Figures & data
Figure 1. Target sequences and chemical structures of the N-methylpyrrole-N-methylimidazole hairpin polyamides. Consensus binding site for HIF is indicated by an open box. Open and closed circles represent imidazole and pyrrole rings, respectively. Dp and b denote dimethylaminopropylamine and b-alanine residues, respectively.
Table I. Molecular weights of polyamides measured by ESIMS.
Figure 2. Dose-dependent inhibition of HIF-1α-induced transcription in 293 cells. Cells were transfected with plasmids coding hypoxia-stable HIF-1α, ARNT, and β-galactosidase, along with a reporter plasmid (pGL3VEGF), and then treated with the mixture of three pyrrole-imidazole hairpin polyamides for 24 h. Transcriptional activity was measured and expressed as a ratio of luciferase to β-galactosidase activity. Statistically significant suppression of transcription was noted at a concentration of 5 µM or greater. Cell viability was not affected by the polyamides. RLU and β-Gal denote relative luciferase units and β-galactosidase activity, respectively. OD: optical density. *: Vehicle (dimethylsulfoxide) only.
Figure 3. Effects of combinations of the three polyamides on HIF-1α -induced transcription in 293 cells. Cells were transfected with plasmids coding for hypoxia-stable HIF-1α(p(HA)HIF-1α(401Δ603)), ARNT (pARNT), and β-galactosidase (pCMVβ), along with a reporter plasmid (pGL3VEGF), and then incubated with a particular combination of the pyrrole-imidazole polyamides for 24 h. Transcriptional activity was expressed as a ratio of luciferase to β-galactosidase activity. A statistically significant reduction in transcription was achieved by applying all three Py-Im hairpin polyamides. A similar suppression was observed when polyamide no. 3 was applied alone or together with either polyamide no. 1 or no. 2. Cell viability was not affected by the treatment. RLU and β-Gal represent relative luciferase units and β-galactosidase activity, respectively. *: P < 0.05 compared with controls.
Figure 4. Dose-dependent inhibition of HIF-2α-induced transcription in 293 cells. Cells were transfected with plasmids coding full-length HIF-2α (pTRE-EPAS), ARNT(pARNT), and β-galactosidase (pCMVβ), along with a reporter plasmid (pGL3VEGF), and then treated with a mixture of the three pyrrole-imidazole hairpin polyamides for 24 h. Transcriptional activity was measured and expressed as a ratio of luciferase to β-galactosidase activity. Statistically significant suppression of transcription was noted at a concentration of 2.5 µM or greater. RLU and β-Gal denote relative luciferase units and β-galactosidase activity, respectively. *: Vehicle (dimethylsulfoxide) only.

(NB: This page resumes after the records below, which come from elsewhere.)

(* Consider the linear structural equation model described in the context. Suppose that either Assumption A or Assumption A$'$ holds. If $\beta_{X\to Y}\beta_{Y\to X}=0$, then $(\beta_{X\to Y},\beta_{Y\to X})$ is identifiable, i.e. uniquely determined by the joint distribution of the observed variables $(X_i,Y_i,Z_i)$.
   Context: Observations $(X_i,Y_i,Z_i,U_i)$, $i=1,\dots,n$, are i.i.d.; $X_i,Y_i\in\mathbb{R}$ are observed with finite variance, $Z_i\in\mathbb{R}^p$ is an observed vector of candidate instruments, $U_i$ is unobserved. Assume $E(X_i)=E(Y_i)=0$, $E(Z_i)=0$, and $\Sigma=E(Z_iZ_i^{T})$ invertible. The data satisfy $$Y_i=\beta_{X\to Y}X_i+\pi_Y^{T}Z_i+\xi_Y(U_i)+\zeta_i,\qquad X_i=\beta_{Y\to X}Y_i+\pi_X^{T}Z_i+\xi_X(U_i)+\eta_i,$$ with $\pi_X,\pi_Y\in\mathbb{R}^p$, mean-zero functions $\xi_Y(U_i),\xi_X(U_i)$, $Z_i$ independent of $U_i$, and $E(\zeta_i\mid\eta_i,Z_i,U_i)=E(\eta_i\mid\zeta_i,Z_i,U_i)=0$. The matrix $B=\begin{pmatrix}0&\beta_{X\to Y}\\ \beta_{Y\to X}&0\end{pmatrix}$ has spectral norm $<1$, and $(Y_i,X_i)^T=(I-B)^{-1}\{(\pi_Y^TZ_i,\pi_X^TZ_i)^T+(R_{Y,i},R_{X,i})^T\}$ where $R_{Y,i}=\xi_Y(U_i)+\zeta_i$, $R_{X,i}=\xi_X(U_i)+\eta_i$. Then $E(Y_i\mid Z_i)=\gamma_Y^TZ_i$, $E(X_i\mid Z_i)=\gamma_X^TZ_i$ with $\gamma_Y=(\pi_Y+\beta_{X\to Y}\pi_X)/(1-\beta_{X\to Y}\beta_{Y\to X})$, $\gamma_X=(\pi_X+\beta_{Y\to X}\pi_Y)/(1-\beta_{X\to Y}\beta_{Y\to X})$. Sets: $\mathcal{V}_{X\to Y}=\{j:\pi_{X,j}\neq0,\pi_{Y,j}=0\}$, $\mathcal{V}_{Y\to X}=\{j:\pi_{Y,j}\neq0,\pi_{X,j}=0\}$, $\mathcal{V}_{pl}=\{j:\pi_{X,j}\neq0,\pi_{Y,j}\neq0\}$, $\mathcal{S}_X=\{j:\gamma_{X,j}\neq0\}$, $\mathcal{S}_Y=\{j:\gamma_{Y,j}\neq0\}$. Maxima over empty collections are $0$; $\mathbb{1}$ is the indicator. Assumption A: $|\mathcal{V}_{X\to Y}|>\max\big(\max_c|\{j\in\mathcal{V}_{pl}\cap\mathcal{S}_X:\pi_{Y,j}/\gamma_{X,j}=c\}|,\ |\mathcal{V}_{Y\to X}|\mathbb{1}(\beta_{Y\to X}\neq0),\ |\mathcal{V}_{pl}\setminus\mathcal{S}_X|\mathbb{1}(\beta_{Y\to X}\neq0)\big)$, and $\mathrm{Cov}(Y_iR_{Y,i},Z_i)\neq0$. Assumption A$'$: $|\mathcal{V}_{Y\to X}|>\max\big(\max_c|\{j\in\mathcal{V}_{pl}\cap\mathcal{S}_Y:\pi_{X,j}/\gamma_{Y,j}=c\}|,\ |\mathcal{V}_{X\to Y}|\mathbb{1}(\beta_{X\to Y}\neq0),\ |\mathcal{V}_{pl}\setminus\mathcal{S}_Y|\mathbb{1}(\beta_{X\to Y}\neq0)\big)$, and $\mathrm{Cov}(X_iR_{X,i},Z_i)\neq0$. *)

theory Defs
  imports "HOL-Probability.Probability"
begin

text \<open>Observations are i.i.d., so the joint law of the sample is determined by (and determines)
  the law of a single observation; we therefore model one generic observation.\<close>

definition Bmat :: "real \<Rightarrow> real \<Rightarrow> real^2^2" where
  "Bmat bxy byx = vector [vector [0, bxy], vector [byx, 0]]"

definition spec_norm :: "real^2^2 \<Rightarrow> real" where
  "spec_norm A = onorm (\<lambda>v. A *v v)"

definition gammaY :: "real \<Rightarrow> real \<Rightarrow> real^'p \<Rightarrow> real^'p \<Rightarrow> real^'p" where
  "gammaY bxy byx piX piY = (1 / (1 - bxy * byx)) *\<^sub>R (piY + bxy *\<^sub>R piX)"

definition gammaX :: "real \<Rightarrow> real \<Rightarrow> real^'p \<Rightarrow> real^'p \<Rightarrow> real^'p" where
  "gammaX bxy byx piX piY = (1 / (1 - bxy * byx)) *\<^sub>R (piX + byx *\<^sub>R piY)"

definition V_XY :: "real^'p \<Rightarrow> real^'p \<Rightarrow> 'p set" where
  "V_XY piX piY = {j. piX $ j \<noteq> 0 \<and> piY $ j = 0}"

Figure 5. Suppressive effects of the mixture of three Py-Im hairpin polyamides on VEGF transcription and secretion in A498, a renal cell carcinoma cell line. Cells were treated with the mixture of three pyrrole-imidazole polyamides (5 mM in total) for 24–72 h. Transcription of the VEGF gene was evaluated by real time RT-PCR. The results were expressed as a ratio of VEGF mRNA to GAPDH mRNA. An approximately 50% reduction in transcription was observed after 72 h treatment. Consistently, VEGF secreted in conditioned medium (CM) decreased by approximately 50% compared with the control. *: P < 0.05 compared with controls.

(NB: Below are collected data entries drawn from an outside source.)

lemma distr_PiM_fun_upd:
  assumes I: "finite I" "i \<in> I"
  shows "distr (M \<Otimes>\<^sub>M PiM I (\<lambda>_. M)) (PiM I (\<lambda>_. M)) (\<lambda>p. (snd p)(i := fst p)) = PiM I (\<lambda>_. M)"
    (is "distr ?MV ?V ?upd = _")
proof -
  interpret product_sigma_finite "\<lambda>_. M"
    by (simp add: product_sigma_finite_def sigma_finite_measure)
  interpret V: prob_space ?V
    by (rule prob_space_PiM) (rule prob_space_axioms)
  show ?thesis
  proof (rule PiM_eqI)
    fix B assume B: "\<And>j. j \<in> I \<Longrightarrow> B j \<in> sets M"
    have B': "\<And>j. j \<in> I \<Longrightarrow> (B(i := space M)) j \<in> sets M"
      using B by simp
    have preimage: "?upd -` PiE I B \<inter> space ?MV = B i \<times> PiE I (B(i := space M))"
    proof (rule set_eqI)
      fix p :: "'a \<times> ('b \<Rightarrow> 'a)"
      have "B j \<subseteq> space M" if "j \<in> I" for j
        using B[OF that] by (rule sets.sets_into_space)
      then show "p \<in> ?upd -` PiE I B \<inter> space ?MV \<longleftrightarrow> p \<in> B i \<times> PiE I (B(i := space M))"
        using PiE_fun_upd_iff[OF I(2), of B "space M" "snd p" "fst p"] I(2)
        by (cases p) (auto simp: space_pair_measure space_PiM)
    qed
    have "emeasure (distr ?MV ?V ?upd) (PiE I B) = emeasure ?MV (B i \<times> PiE I (B(i := space M)))"
      using B I by (simp add: emeasure_distr measurable_PiM_fun_upd_pair preimage sets_PiM_I_finite)
    also have "\<dots> = emeasure M (B i) * (\<Prod>j\<in>I. emeasure M ((B(i := space M)) j))"
      using B B' I by (simp add: V.emeasure_pair_measure_Times sets_PiM_I_finite emeasure_PiM)
    also have "\<dots> = (\<Prod>j\<in>I. emeasure M (B j))"
      using I by (simp add: prod.remove[of I i] emeasure_space_1 cong: prod.cong_simp)
    finally show "emeasure (distr ?MV ?V ?upd) (PiE I B) = (\<Prod>j\<in>I. emeasure M (B j))" .
  qed (use I in simp_all)
qed

lemma integral_PiM_fun_upd:
  fixes h :: "(_ \<Rightarrow> 'a) \<Rightarrow> real"
  assumes I: "finite I" "i \<in> I" and h: "integrable (PiM I (\<lambda>_. M)) h"
  shows "integral\<^sup>L (PiM I (\<lambda>_. M)) h = (\<integral>t. (\<integral>w. h (w(i := t)) \<partial>PiM I (\<lambda>_. M)) \<partial>M)"
proof -
  interpret V: prob_space "PiM I (\<lambda>_. M)"
    by (rule prob_space_PiM) (rule prob_space_axioms)
  interpret pair_sigma_finite M "PiM I (\<lambda>_. M)"
    by (intro pair_sigma_finite.intro sigma_finite_measure V.sigma_finite_measure)
  note upd = measurable_PiM_fun_upd_pair[OF I(2)] and law = distr_PiM_fun_upd[OF I]
  have "integrable (M \<Otimes>\<^sub>M PiM I (\<lambda>_. M)) (\<lambda>p. h ((snd p)(i := fst p)))"
    using h by (simp add: integrable_distr_eq[OF upd, symmetric] law)
  then show ?thesis
    using integral_distr[OF upd, of h] integral_fst'[of "\<lambda>p. h ((snd p)(i := fst p))"] h
    by (simp add: law)
qed

lemma nn_integral_PiM_fun_upd:
  assumes I: "finite I" "i \<in> I" and h: "h \<in> borel_measurable (PiM I (\<lambda>_. M))"
  shows "integral\<^sup>N (PiM I (\<lambda>_. M)) h = (\<integral>\<^sup>+t. (\<integral>\<^sup>+w. h (w(i := t)) \<partial>PiM I (\<lambda>_. M)) \<partial>M)"
proof -
  interpret V: prob_space "PiM I (\<lambda>_. M)"
    by (rule prob_space_PiM) (rule prob_space_axioms)
  note upd = measurable_PiM_fun_upd_pair[OF I(2)] and law = distr_PiM_fun_upd[OF I]
  have "integral\<^sup>N (PiM I (\<lambda>_. M)) h = (\<integral>\<^sup>+p. h ((snd p)(i := fst p)) \<partial>(M \<Otimes>\<^sub>M PiM I (\<lambda>_. M)))"
    using nn_integral_distr[OF upd, of h] h by (simp add: law)
  also have "\<dots> = (\<integral>\<^sup>+t. (\<integral>\<^sup>+w. h (w(i := t)) \<partial>PiM I (\<lambda>_. M)) \<partial>M)"
    using V.nn_integral_fst[of "\<lambda>p. h ((snd p)(i := fst p))" M] upd h by simp
  finally show ?thesis .
qed

end

section \<open>Myerson payments of a monotone allocation\<close>

text \<open>The interim payment z and the WPB bid z/x of the definitions, as functions of the
  interim allocation x alone.\<close>

definition myerson_pay :: "(real \<Rightarrow> real) \<Rightarrow> real \<Rightarrow> real" where
  "myerson_pay x t = t * x t - (LINT u:{0..t}|lborel. x u)"

definition myerson_bid :: "(real \<Rightarrow> real) \<Rightarrow> real \<Rightarrow> real" where
  "myerson_bid x t = (if 0 < x t then myerson_pay x t / x t else 0)"

locale monotone_alloc =
  fixes x :: "real \<Rightarrow> real"
  assumes mono_alloc: "mono x"
    and alloc_neg: "\<And>t. t < 0 \<Longrightarrow> x t = 0"
begin

lemma alloc_le: "s \<le> t \<Longrightarrow> x s \<le> x t"
  using mono_alloc by (rule monoD)

lemma alloc_nonneg: "0 \<le> x t"
  using alloc_neg[of t] alloc_neg[of "-1"] alloc_le[of "-1" t] by (cases "t < 0") auto

lemma set_integrable_alloc:
  assumes "S \<in> sets borel" "S \<subseteq> {a..c}"
  shows "set_integrable lborel S x"
  unfolding set_integrable_def
proof (rule integrableI_bounded_set[where A=S and B="x c"])
  show "emeasure lborel S < \<infinity>"
    using assms by (intro emeasure_bounded_finite bounded_subset[OF bounded_closed_interval])
  show "AE u in lborel. u \<in> S \<longrightarrow> norm (indicat_real S u *\<^sub>R x u) \<le> x c"
    using assms alloc_le alloc_nonneg by (intro AE_I2) auto
qed (use assms borel_measurable_mono[OF mono_alloc] in auto)

lemma set_integral_alloc_bounds:
  assumes S: "S \<in> sets borel" "S \<subseteq> {a..c}"
  shows "measure lborel S * x a \<le> (LINT u:S|lborel. x u)"
    and "(LINT u:S|lborel. x u) \<le> measure lborel S * x c"
proof -
  have fin: "emeasure lborel S \<noteq> \<infinity>"
    using S by (intro less_imp_neq emeasure_bounded_finite bounded_subset[OF bounded_closed_interval])
  have S_le: "a \<le> u" "u \<le> c" if "u \<in> S" for u
    using S that by auto
  have const: "set_integrable lborel S (\<lambda>_. y)" for y :: real
    using S fin by (simp add: set_integrable_def less_top)
  have "(LINT u:S|lborel. x a) \<le> (LINT u:S|lborel. x u)"
    using S by (intro set_integral_mono const set_integrable_alloc) (auto intro: alloc_le dest: S_le)
  then show "measure lborel S * x a \<le> (LINT u:S|lborel. x u)"
    using S fin by (simp add: set_integral_const)
  have "(LINT u:S|lborel. x u) \<le> (LINT u:S|lborel. x c)"
    using S by (intro set_integral_mono const set_integrable_alloc) (auto intro: alloc_le dest: S_le)
  then show "(LINT u:S|lborel. x u) \<le> measure lborel S * x c"
    using S fin by (simp add: set_integral_const)
qed

lemma integral_alloc_bounds:
  assumes "0 \<le> t"
  shows "0 \<le> (LINT u:{0..t}|lborel. x u)" and "(LINT u:{0..t}|lborel. x u) \<le> t * x t"
proof -
  have len: "measure lborel {0..t} = t"
    using assms by simp
  have "0 \<le> t * x 0"
    using assms alloc_nonneg by simp
  then show "0 \<le> (LINT u:{0..t}|lborel. x u)"
    using set_integral_alloc_bounds(1)[of "{0..t}" 0 t, unfolded len] by simp
  show "(LINT u:{0..t}|lborel. x u) \<le> t * x t"
    using set_integral_alloc_bounds(2)[of "{0..t}" 0 t, unfolded len] by simp
qed

lemma integral_alloc_increment_bounds:
  assumes "0 \<le> a" "a \<le> c"
  shows "(c - a) * x a \<le> (LINT u:{0..c}|lborel. x u) - (LINT u:{0..a}|lborel. x u)"
    and "(LINT u:{0..c}|lborel. x u) - (LINT u:{0..a}|lborel. x u) \<le> (c - a) * x c"
proof -
  have "{0..c} = {0..a} \<union> {a<..c}" using assms by auto
  moreover have "set_integrable lborel {0..a} x" "set_integrable lborel {a<..c} x"
    using assms by (auto intro: set_integrable_alloc[of _ 0 c])
  ultimately have split: "(LINT u:{0..c}|lborel. x u)
      = (LINT u:{0..a}|lborel. x u) + (LINT u:{a<..c}|lborel. x u)"
    by (simp add: set_integral_Un[of "{0..a}" "{a<..c}"] disjoint_iff)
  have sub: "{a<..c} \<subseteq> {a..c}" by auto
  have len: "measure lborel {a<..c} = c - a"
    using assms by simp
  show "(c - a) * x a \<le> (LINT u:{0..c}|lborel. x u) - (LINT u:{0..a}|lborel. x u)"
    using set_integral_alloc_bounds(1)[OF _ sub, unfolded len] split by simp
  show "(LINT u:{0..c}|lborel. x u) - (LINT u:{0..a}|lborel. x u) \<le> (c - a) * x c"
    using set_integral_alloc_bounds(2)[OF _ sub, unfolded len] split by simp
qed

lemma myerson_pay_nonneg: "0 \<le> myerson_pay x t"
  using integral_alloc_bounds[of t] alloc_neg[of t]
  by (cases "0 \<le> t") (auto simp: myerson_pay_def set_lebesgue_integral_def)

lemma myerson_pay_le: "0 \<le> t \<Longrightarrow> myerson_pay x t \<le> t * x t"
  using integral_alloc_bounds[of t] by (simp add: myerson_pay_def)

lemma myerson_pay_eq_0: "x t = 0 \<Longrightarrow> myerson_pay x t = 0"
  using myerson_pay_nonneg[of t] integral_alloc_bounds[of t]
  by (cases "0 \<le> t") (auto simp: myerson_pay_def set_lebesgue_integral_def)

Figure 6. Inhibitory effects of pyrrole-imidazole hairpin polyamides on the HIF-HRE interaction were evaluated by using an electrophoresis mobility shift assay. Nuclear extract of A498 human renal cell cancer cells caused a mobility shift (arrow) of a biotin-labeled double-stranded oligonucleotide corresponding to human HRE (lanes 1 and 2). The polyamide mixture against the HRE suppressed the mobility shift (lane 3), which was not affected by a polyamide recognizing the human telomere sequence (lane 4).